The embodiments of the invention described herein are exemplary and numerous modifications, variations and rearrangements can be readily envisioned to achieve substantially equivalent results, all of which are intended to be embraced within the spirit and scope of the invention. Further, the purpose of the foregoing abstract is to enable the patent office and the public generally, and especially the scientist, engineers and practitioners in the art who are not familiar with patent or legal terms or phraseology, to determine quickly from a cursory inspection the nature and essence of the technical disclosure of the application.

The present invention may be embodied in other specific forms without departing from the spirit or essential characteristics thereof.

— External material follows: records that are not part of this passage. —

lemma exists_graph_clique_degree_independence:
  fixes N k a D :: nat and p :: real
  assumes p: "0 \<le> p" "p \<le> 1"
    and small: "real (N choose k) * p ^ (k choose 2) + real N * real ((N - 1) choose D) * p ^ D
                + real (N choose a) * (1 - p) ^ (a choose 2) < 1"
  obtains E where "E \<subseteq> [{0..<N}]\<^bsup>2\<^esup>"
    and "\<forall>K\<in>[{0..<N}]\<^bsup>k\<^esup>. \<not> [K]\<^bsup>2\<^esup> \<subseteq> E"
    and "\<forall>v<N. card {u. {v, u} \<in> E} < D"
    and "\<forall>I\<in>[{0..<N}]\<^bsup>a\<^esup>. [I]\<^bsup>2\<^esup> \<inter> E \<noteq> {}"
proof -
  define V where "V = {0..<N}"
  define M where "M = random_subset ([V]\<^bsup>2\<^esup>) p"
  define clique where "clique = {E. \<exists>K\<in>[V]\<^bsup>k\<^esup>. [K]\<^bsup>2\<^esup> \<subseteq> E}"
  define star where "star = {E. \<exists>v\<in>V. \<exists>T\<in>[V - {v}]\<^bsup>D\<^esup>. (\<lambda>u. {v, u}) ` T \<subseteq> E}"
  define indep where "indep = {E. \<exists>I\<in>[V]\<^bsup>a\<^esup>. [I]\<^bsup>2\<^esup> \<inter> E = {}}"
  have "finite V" "card V = N" by (simp_all add: V_def)
  have "measure_pmf.prob M (clique \<union> star \<union> indep)
      \<le> measure_pmf.prob M clique + measure_pmf.prob M star + measure_pmf.prob M indep"
    using measure_Un_le[of "clique \<union> star" M indep] measure_Un_le[of clique M star] by simp
  also have "\<dots> < 1"
    using prob_random_graph_has_clique[OF \<open>finite V\<close> p, of k] prob_random_graph_has_star[OF \<open>finite V\<close> p, of D]
      prob_random_graph_has_independent_set[OF \<open>finite V\<close> p, of a] small
    unfolding M_def clique_def star_def indep_def \<open>card V = N\<close> by linarith
  finally obtain E where E: "E \<in> set_pmf M" "E \<notin> clique \<union> star \<union> indep"
    by (rule pmf_exists_outside)
  have "E \<subseteq> [V]\<^bsup>2\<^esup>" using E(1) set_pmf_random_subset unfolding M_def by blast
  moreover have "card {u. {v, u} \<in> E} < D" if "v < N" for v
    using E(2) that \<open>finite V\<close> card_neighbours_less[OF \<open>E \<subseteq> [V]\<^bsup>2\<^esup>\<close>] by (auto simp: star_def V_def)
  moreover have "\<forall>K\<in>[V]\<^bsup>k\<^esup>. \<not> [K]\<^bsup>2\<^esup> \<subseteq> E" "\<forall>I\<in>[V]\<^bsup>a\<^esup>. [I]\<^bsup>2\<^esup> \<inter> E \<noteq> {}"
    using E(2) unfolding clique_def indep_def by blast+
  ultimately show ?thesis using that unfolding V_def by blast
qed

Certain adaptations and modifications of the invention will be obvious to those skilled in the art. Therefore, the presently discussed embodiments are considered to be illustrative and not restrictive, the scope of the invention being indicated by the appended claims rather than the foregoing description and all changes which come within the meaning and range of equivalency of the claims are therefore intended to be embraced therein.